Essentially equivalent to asking that Diff(S^n) is homotopy equivalent to O(n+1).

Anubhav

How??

I didn't get

Balarka Sen

11:40 AM

That's more or less obvious. Look at the transition maps.

Transition map of a linear sphere bundle comes from O(n+1).

Anubhav

yes that is obvious...

wait let me think for a sec

How come diff(S^n) is comming into the picture?

Balarka Sen

That's the range of the transition maps of a sphere bundle, innit?

Lozansky

In the integral $\int_{2}^{i} \frac{dz}{1-z^2}$ where the path is the semicircle $|z-1|=1, Im z \leq 0$ and the imaginary axis

Can I choose the branch $(-5\pi/4, 3\pi /4)$?

Anubhav

Sphere bundle is what? essentially fibers are sphere ?

Balarka Sen

Yes. The transition maps are (U_i \cap U_j) x S^n ---> (U_i \cap U_j) x S^n, homeomorphisms on the second coordinate.

Or diffeomorphisms, w/e

Anubhav

11:45 AM

Yes.

On the other hand for unit vector bundle we have $O(n+1)$

Balarka Sen

Right.

Hmm, now that I think about it there's a slight work involved to show that this is equivalent to O(n+1) and Diff(S^n) being homotopy equivalent.

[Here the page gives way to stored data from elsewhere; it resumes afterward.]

(* Let $N=2^n$ and let $a,a'\in[0,N)$ be such that there exist indices $0\le u<w<n$ with $b_k(a)=b_k(a')$ for all $k\in[0,n)\setminus\{u,w\}$, $b_u(a)=b_w(a')=1$ and $b_w(a)=b_u(a')=0$. Then $\mathrm{w}(\mathbf{g}_a)=\mathrm{w}(\mathbf{g}_{a'})$ and $s^{(n)}_a>s^{(n)}_{a'}$.
   Context: All vectors are binary (over $GF(2)$), indices are zero-based. Let $G_N=\begin{pmatrix}1&0\\1&1\end{pmatrix}^{\otimes n}$ for $N=2^n$, with rows $\mathbf{g}_0,\ldots,\mathbf{g}_{N-1}$; $\mathrm{w}(\cdot)$ is Hamming weight. $S^{(n)}_{i,w}$ is the number of words of weight $w$ in $\mathbf{g}_i+\langle\mathbf{g}_{i+1},\ldots,\mathbf{g}_{N-1}\rangle$, and $s^{(n)}_i:=S^{(n)}_{i,\mathrm{w}(\mathbf{g}_i)}$ (the first nonzero entry of $(S^{(n)}_{i,w})_w$). For $i\in[0,N)$, $b_j(i)$ denotes the $j$-th bit of $i$, i.e. $i=\sum_{j=0}^{n-1}b_j(i)2^j$. *)

theory Defs
  imports Main "HOL-Library.Z2"
begin

text \<open>Binary vectors of length N = 2^n are functions nat => bit (bit = GF(2)),
  relevant only on positions 0..<2^n.\<close>

text \<open>The kernel F = [[1,0],[1,1]] (indices 0,1).\<close>
definition Fker :: "nat \<Rightarrow> nat \<Rightarrow> bit" where
  "Fker i j = (if i = 0 \<and> j = 0 then 1 else if i = 1 then 1 else 0)"

text \<open>G_N = F^{\<otimes> n}, built as G_{2^(n+1)} = F \<otimes> G_{2^n} (Kronecker product).\<close>
fun Gmat :: "nat \<Rightarrow> nat \<Rightarrow> nat \<Rightarrow> bit" where
  "Gmat 0 i j = 1"
| "Gmat (Suc n) i j = Fker (i div 2^n) (j div 2^n) * Gmat n (i mod 2^n) (j mod 2^n)"

definition grow :: "nat \<Rightarrow> nat \<Rightarrow> nat \<Rightarrow> bit" where
  "grow n i = (\<lambda>j. if j < 2^n then Gmat n i j else 0)"

definition hw :: "nat \<Rightarrow> (nat \<Rightarrow> bit) \<Rightarrow> nat" where
  "hw n v = card {j. j < 2^n \<and> v j \<noteq> 0}"

definition coset :: "nat \<Rightarrow> nat \<Rightarrow> (nat \<Rightarrow> bit) set" where
  "coset n i = {(\<lambda>j. grow n i j + (\<Sum>k\<in>T. grow n k j)) | T. T \<subseteq> {i<..<2^n}}"

definition Scnt :: "nat \<Rightarrow> nat \<Rightarrow> nat \<Rightarrow> nat" where
  "Scnt n i w = card {v \<in> coset n i. hw n v = w}"

definition scnt :: "nat \<Rightarrow> nat \<Rightarrow> nat" where
  "scnt n i = Scnt n i (hw n (grow n i))"

definition bj :: "nat \<Rightarrow> nat \<Rightarrow> nat" where
  "bj j i = (i div 2^j) mod 2"

end

(*
  Since G_2N = [[G_N, 0], [G_N, G_N]], for i < N the rows of G_2N are g_i = (g_i | 0) and
  g_(N+i) = (g_i | g_i). Hence the coset of a high index N+i is {(x | x) : x in the coset of i},
  and the coset of a low index i is {(x + y | y) : x in the coset of i, y arbitrary}, because
  the rows of G_N span everything. Since w(x + y) + w(y) = w(x) + 2 |supp y - supp x|, the
  minimum weight of a coset is w(g_i), attained at (x + y | y) exactly when x has minimum weight
  and supp y is contained in supp x. This gives w(g_i) = 2^(number of ones of i) and
  s_i = 2^E(i), where E(i) sums 2^(number of ones of i below j) over the zero bits j of i.
  Moving a one of a from position u up to w preserves the number of ones, does not increase
  any summand of E at the other positions, and replaces the summand at w by the smaller one
  at u; so E(a') < E(a).
*)

theory Submission imports Defs "HOL-Library.Function_Algebras" begin

definition vecs :: "nat \<Rightarrow> (nat \<Rightarrow> bit) set" where
  "vecs n = {v. \<forall>j. 2^n \<le> j \<longrightarrow> v j = 0}"

definition supp :: "nat \<Rightarrow> (nat \<Rightarrow> bit) \<Rightarrow> nat set" where
  "supp n v = {j. j < 2^n \<and> v j \<noteq> 0}"

definition join :: "nat \<Rightarrow> (nat \<Rightarrow> bit) \<Rightarrow> (nat \<Rightarrow> bit) \<Rightarrow> nat \<Rightarrow> bit" where
  "join n x y = (\<lambda>j. if j < 2^n then x j else y (j - 2^n))"

lemma sum_fun_apply: "(\<Sum>k\<in>T. f k) j = (\<Sum>k\<in>T. f k j :: 'a::comm_monoid_add)"
  by (induction T rule: infinite_finite_induct) auto

lemma add_in_vecs: "x \<in> vecs n \<Longrightarrow> y \<in> vecs n \<Longrightarrow> x + y \<in> vecs n"
  unfolding vecs_def by auto

lemma sum_in_vecs: "(\<And>k. k \<in> T \<Longrightarrow> f k \<in> vecs n) \<Longrightarrow> (\<Sum>k\<in>T. f k) \<in> vecs n"
  unfolding vecs_def by (auto simp: sum_fun_apply intro!: sum.neutral)

lemma grow_in_vecs: "grow n k \<in> vecs n"
  by (simp add: grow_def vecs_def)

lemma hw_eq_card_supp: "hw n v = card (supp n v)"
  by (simp add: hw_def supp_def)

lemma hw_zero: "hw n 0 = 0"
  by (simp add: hw_def)

lemma finite_supp [simp]: "finite (supp n v)"
  by (simp add: supp_def)

lemma supp_add: "supp n (x + y) = (supp n x - supp n y) \<union> (supp n y - supp n x)"
  by (auto simp: supp_def)

lemma hw_add: "hw n (x + y) + hw n y = hw n x + 2 * card (supp n y - supp n x)"
proof -
  have "card (supp n (x + y)) = card (supp n x - supp n y) + card (supp n y - supp n x)"
    unfolding supp_add by (rule card_Un_disjoint) auto
  moreover have "card (supp n y) = card (supp n x \<inter> supp n y) + card (supp n y - supp n x)"
    by (metis Int_commute card_Int_Diff finite_supp)
  moreover have "card (supp n x) = card (supp n x - supp n y) + card (supp n x \<inter> supp n y)"
    by (metis add.commute card_Int_Diff finite_supp)
  ultimately show ?thesis unfolding hw_eq_card_supp by linarith
qed

lemma vecs_eq_if_supp_eq:
  assumes "x \<in> vecs n" "y \<in> vecs n" "supp n x = supp n y"
  shows "x = y"
proof
  fix j
  show "x j = y j"
  proof (cases "j < 2^n")
    case True
    then have "x j \<noteq> 0 \<longleftrightarrow> y j \<noteq> 0" using assms(3) by (auto simp: supp_def)
    then show ?thesis by (metis bit_not_one_iff)
  qed (use assms(1,2) in \<open>simp add: vecs_def\<close>)
qed

lemma card_supported_vecs: "card {y \<in> vecs n. supp n y \<subseteq> supp n x} = 2 ^ hw n x"
proof -
  let ?ind = "\<lambda>S j. if j \<in> S then 1 else 0 :: bit"
  have "bij_betw (supp n) {y \<in> vecs n. supp n y \<subseteq> supp n x} (Pow (supp n x))"
  proof (rule bij_betw_imageI)
    show "inj_on (supp n) {y \<in> vecs n. supp n y \<subseteq> supp n x}"
      by (auto intro: inj_onI vecs_eq_if_supp_eq)
    have "S \<in> supp n ` {y \<in> vecs n. supp n y \<subseteq> supp n x}" if "S \<subseteq> supp n x" for S
    proof
      show "S = supp n (?ind S)" "?ind S \<in> {y \<in> vecs n. supp n y \<subseteq> supp n x}"
        using that by (auto simp: supp_def vecs_def)
    qed
    then show "supp n ` {y \<in> vecs n. supp n y \<subseteq> supp n x} = Pow (supp n x)"
      by auto
  qed
  then show ?thesis
    by (simp add: bij_betw_same_card card_Pow hw_eq_card_supp)
qed

lemma join_add: "join n x y + join n x' y' = join n (x + x') (y + y')"
  by (auto simp: join_def)

lemma join_sum: "(\<Sum>k\<in>T. join n (f k) (g k)) = join n (\<Sum>k\<in>T. f k) (\<Sum>k\<in>T. g k)"
  by (auto simp: sum_fun_apply join_def)

lemma vecs_Suc_join:
  assumes "v \<in> vecs (Suc n)"
  obtains x y where "x \<in> vecs n" "y \<in> vecs n" "v = join n x y"
proof
  show "(\<lambda>j. if j < 2^n then v j else 0) \<in> vecs n"
    and "(\<lambda>j. if j < 2^n then v (j + 2^n) else 0) \<in> vecs n"
    by (auto simp: vecs_def)
  show "v = join n (\<lambda>j. if j < 2^n then v j else 0) (\<lambda>j. if j < 2^n then v (j + 2^n) else 0)"
    using assms by (auto simp: vecs_def join_def)
qed

lemma join_inject:
  assumes "x \<in> vecs n" "y \<in> vecs n" "x' \<in> vecs n" "y' \<in> vecs n"
  shows "join n x y = join n x' y' \<longleftrightarrow> x = x' \<and> y = y'"
proof
  assume eq: "join n x y = join n x' y'"
  have "x j = x' j \<and> y j = y' j" for j
  proof (cases "j < 2^n")
    case True
    then show ?thesis using fun_cong[OF eq, of j] fun_cong[OF eq, of "j + 2^n"] by (simp add: join_def)
  qed (use assms in \<open>simp add: vecs_def\<close>)
  then show "x = x' \<and> y = y'" by auto
qed simp

lemma inj_on_join_plus: "inj_on (\<lambda>(x, y). join n (x + y) y) (vecs n \<times> vecs n)"
proof (rule inj_onI, clarify)
  fix x y x' y'
  assume "x \<in> vecs n" "y \<in> vecs n" "x' \<in> vecs n" "y' \<in> vecs n"
    and "join n (x + y) y = join n (x' + y') y'"
  then have "x + y = x' + y' \<and> y = y'"
    using join_inject[of "x + y" n y "x' + y'" y'] add_in_vecs by blast
  then show "x = x' \<and> y = y'" by (metis add_right_cancel)
qed

lemma hw_join: "hw (Suc n) (join n x y) = hw n x + hw n y"
proof -
  have "supp (Suc n) (join n x y) = supp n x \<union> (+) (2^n) ` supp n y"
    by (force simp: supp_def join_def image_iff intro: exI[of _ "_ - 2^n"])
  moreover have "card (supp n x \<union> (+) (2^n) ` supp n y) = card (supp n x) + card (supp n y)"
    by (subst card_Un_disjoint) (auto simp: supp_def card_image)
  ultimately show ?thesis by (simp add: hw_eq_card_supp)
qed

lemma less_2pow_Suc_cases:
  fixes i :: nat
  assumes "i < 2 ^ Suc n"
  obtains "i < 2 ^ n" | i0 where "i = 2 ^ n + i0" "i0 < 2 ^ n"
  using assms by (metis add_diff_inverse_nat add_less_cancel_left mult_2 power_Suc)

lemma grow_Suc_low: "k < 2^n \<Longrightarrow> grow (Suc n) k = join n (grow n k) 0"
  by (auto simp: fun_eq_iff grow_def join_def Fker_def div_eq_0_iff)

lemma grow_Suc_high: "k < 2^n \<Longrightarrow> grow (Suc n) (2^n + k) = join n (grow n k) (grow n k)"
proof (rule ext)
  fix j assume k: "k < 2^n"
  show "grow (Suc n) (2^n + k) j = join n (grow n k) (grow n k) j"
  proof (cases "j < 2 ^ Suc n")
    case True
    then show ?thesis using k
      by (elim less_2pow_Suc_cases) (simp_all add: grow_def join_def Fker_def div_add_self1)
  qed (force simp: grow_def join_def)
qed

lemma subset_lessThan_2pow_Suc_split:
  fixes T :: "nat set"
  assumes "T \<subseteq> {..<2^Suc n}"
  shows "T = (T \<inter> {..<2^n}) \<union> (+) (2^n) ` {k. 2^n + k \<in> T}"
    and "{k. 2^n + k \<in> T} \<subseteq> {..<2^n}"
proof -
  have "x \<in> (+) (2^n) ` {k. 2^n + k \<in> T}" if "x \<in> T" "\<not> x < 2^n" for x
    using that by (intro image_eqI[of _ _ "x - 2^n"]) auto
  then show "T = (T \<inter> {..<2^n}) \<union> (+) (2^n) ` {k. 2^n + k \<in> T}" by auto
  show "{k. 2^n + k \<in> T} \<subseteq> {..<2^n}" using assms by auto
qed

I mean, transition functions are just associations of the overlaps of the charts to elements of O(n+1) and Diff(S^n) respectively. That isn't sufficient to prove anything.

Anubhav

I agree

Balarka Sen

I think what we need here is that the respectively bundles are classified by maps to BO(n+1) and BDiff(S^n), the classifying spaces.

Anubhav

ooppsss... I have no idea about this classifying bundles

Isn't there any easy way?

Balarka Sen

I don't think so. But what I said about classifying spaces is the formalization of the previous idea, I believe.

Anubhav

11:50 AM

What is classified bundle?

I saw this in Hatcher, but didn't read

tell me some reference

Balarka Sen

Classifying spaces is in Hatcher. But I am not sure if they speak of their relation with fiber bundles.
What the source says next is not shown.